Foresight News also learned that the main offices of these business departments were previously located in Singapore, possibly related to the fact that many cryptocurrency exchanges relocated from mainland China to Singapore starting in 2021. However, as Singapore's cryptocurrency regulatory policies became very strict after June 30, 2025, this phenomenon is unlikely to be sustained.
Nevertheless, the cloud demand from these offshore cryptocurrency exchanges will not decrease, which also means that competition for cloud market share will not end.
At Web X in Tokyo, two representatives from domestic social giants told Foresight News that although their business in this area started late, their target is also compliant cryptocurrency exchanges. As newcomers, the change in this competition comes from the development of AI technology. "Our large model technology is also very willing to be provided to cryptocurrency institutions. If there is a demand for cloud services and large models, we welcome it." This strategy has been followed by other major companies, which also mentioned that their large model interfaces could be provided.
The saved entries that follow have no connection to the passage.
(* Let $s\ge2$ and $l_1,\dots,l_s$ be positive integers with $\sum_{i=1}^s l_i\ge 3$. Then the graph $P_{l_1}\uplus P_{l_2}\uplus\cdots\uplus P_{l_s}\uplus K_1$ has a dispersed $4$-placement.
   Context: $P_m$ is the path on $m$ vertices, $K_1$ a single vertex, and $\uplus$ denotes vertex-disjoint union. For a graph $H$ on $m$ vertices, a $k$-placement of $H$ is a $k$-tuple $(\phi_1,\dots,\phi_k)$ of bijections $\phi_i:V(H)\to V(K_m)$ with pairwise disjoint edge sets $\phi_i(E(H))=\{\phi_i(x)\phi_i(y):xy\in E(H)\}$; it is dispersed if $\phi_i(v)\ne\phi_j(v)$ for every vertex $v$ and all $i\ne j$. *)

theory Defs
  imports Main
begin

text \<open>The complete graph K_m on m = card V vertices
  has vertex set {0..<m}.\<close>

definition edge_image :: "('a \<Rightarrow> nat) \<Rightarrow> 'a set set \<Rightarrow> nat set set" where
  "edge_image f E = (\<lambda>e. f ` e) ` E"

definition is_placement :: "'a set \<Rightarrow> 'a set set \<Rightarrow> nat \<Rightarrow> (nat \<Rightarrow> 'a \<Rightarrow> nat) \<Rightarrow> bool" where
  "is_placement V E k \<phi> \<longleftrightarrow>
     (\<forall>i<k. bij_betw (\<phi> i) V {0..<card V}) \<and>
     (\<forall>i<k. \<forall>j<k. i \<noteq> j \<longrightarrow> edge_image (\<phi> i) E \<inter> edge_image (\<phi> j) E = {})"

definition is_dispersed_placement :: "'a set \<Rightarrow> 'a set set \<Rightarrow> nat \<Rightarrow> (nat \<Rightarrow> 'a \<Rightarrow> nat) \<Rightarrow> bool" where
  "is_dispersed_placement V E k \<phi> \<longleftrightarrow>
     is_placement V E k \<phi> \<and>
     (\<forall>v\<in>V. \<forall>i<k. \<forall>j<k. i \<noteq> j \<longrightarrow> \<phi> i v \<noteq> \<phi> j v)"

text \<open>The graph P_{l_1} + ... + P_{l_s} + K_1: the path P_{l_i} has vertices (i,j), j < l i,
  with edges {(i,j),(i,j+1)}; the extra isolated vertex K_1 is (0,0).\<close>

definition paths_K1_verts :: "nat \<Rightarrow> (nat \<Rightarrow> nat) \<Rightarrow> (nat \<times> nat) set" where
  "paths_K1_verts s l = {(i, j). 1 \<le> i \<and> i \<le> s \<and> j < l i} \<union> {(0, 0)}"

definition paths_K1_edges :: "nat \<Rightarrow> (nat \<Rightarrow> nat) \<Rightarrow> (nat \<times> nat) set set" where
  "paths_K1_edges s l = {{(i, j), (i, Suc j)} | i j. 1 \<le> i \<and> i \<le> s \<and> Suc j < l i}"

end

theory Submission
  imports Defs "HOL-Number_Theory.Cong"
begin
Regarding competitors, they have researched them thoroughly and directly pointed out that the exchange choosing Alibaba Cloud services is OKX. Previously, Alibaba Cloud's large-scale outage incident affected cryptocurrency trading on OKX, which indirectly led to a change in leadership at Alibaba Cloud. A representative from the aforementioned major company told Foresight News that they have secured 60% of the cloud service quota for a certain medium-sized exchange.
This smoke-free war has been ongoing and has now extended from cloud services to the large model field. Even the cryptocurrency business, which is not recognized domestically, is thriving overseas, and all global giants do not want to miss out on this revenue.
Among domestic giants, Ant Group's layout regarding cryptocurrency is relatively advanced. Its representative told Foresight News in Tokyo that the blockchain developed by Ant is set to launch in September, and they are also looking for target clients. Similarly, JD.com, which is attempting to issue stablecoins in Hong Kong, has its founder Liu Qiangdong revealing during this year's delivery battle that JD.com's ambition is to apply for stablecoin licenses in dozens of countries worldwide. At that time, users will be able to use JD stablecoins to purchase all goods, and this payment experience is something that current internet giants cannot provide.
Undoubtedly, these internet giants want cryptocurrency to become a new piece in their business puzzle. Recently, Google announced the launch of its own "public chain," but it is clear to observers that it is merely a consortium chain with many restrictions, far from Ethereum. This raises an interesting question: do these world's most advanced internet giants truly understand blockchain technology and the spirit of crypto punk?
As for whether internet giants from China will deeply enter the Web 3 field, an employee from one of the aforementioned internet companies told Foresight News: "As long as domestic regulatory policies do not loosen, we will never enter this field, at least not on the surface."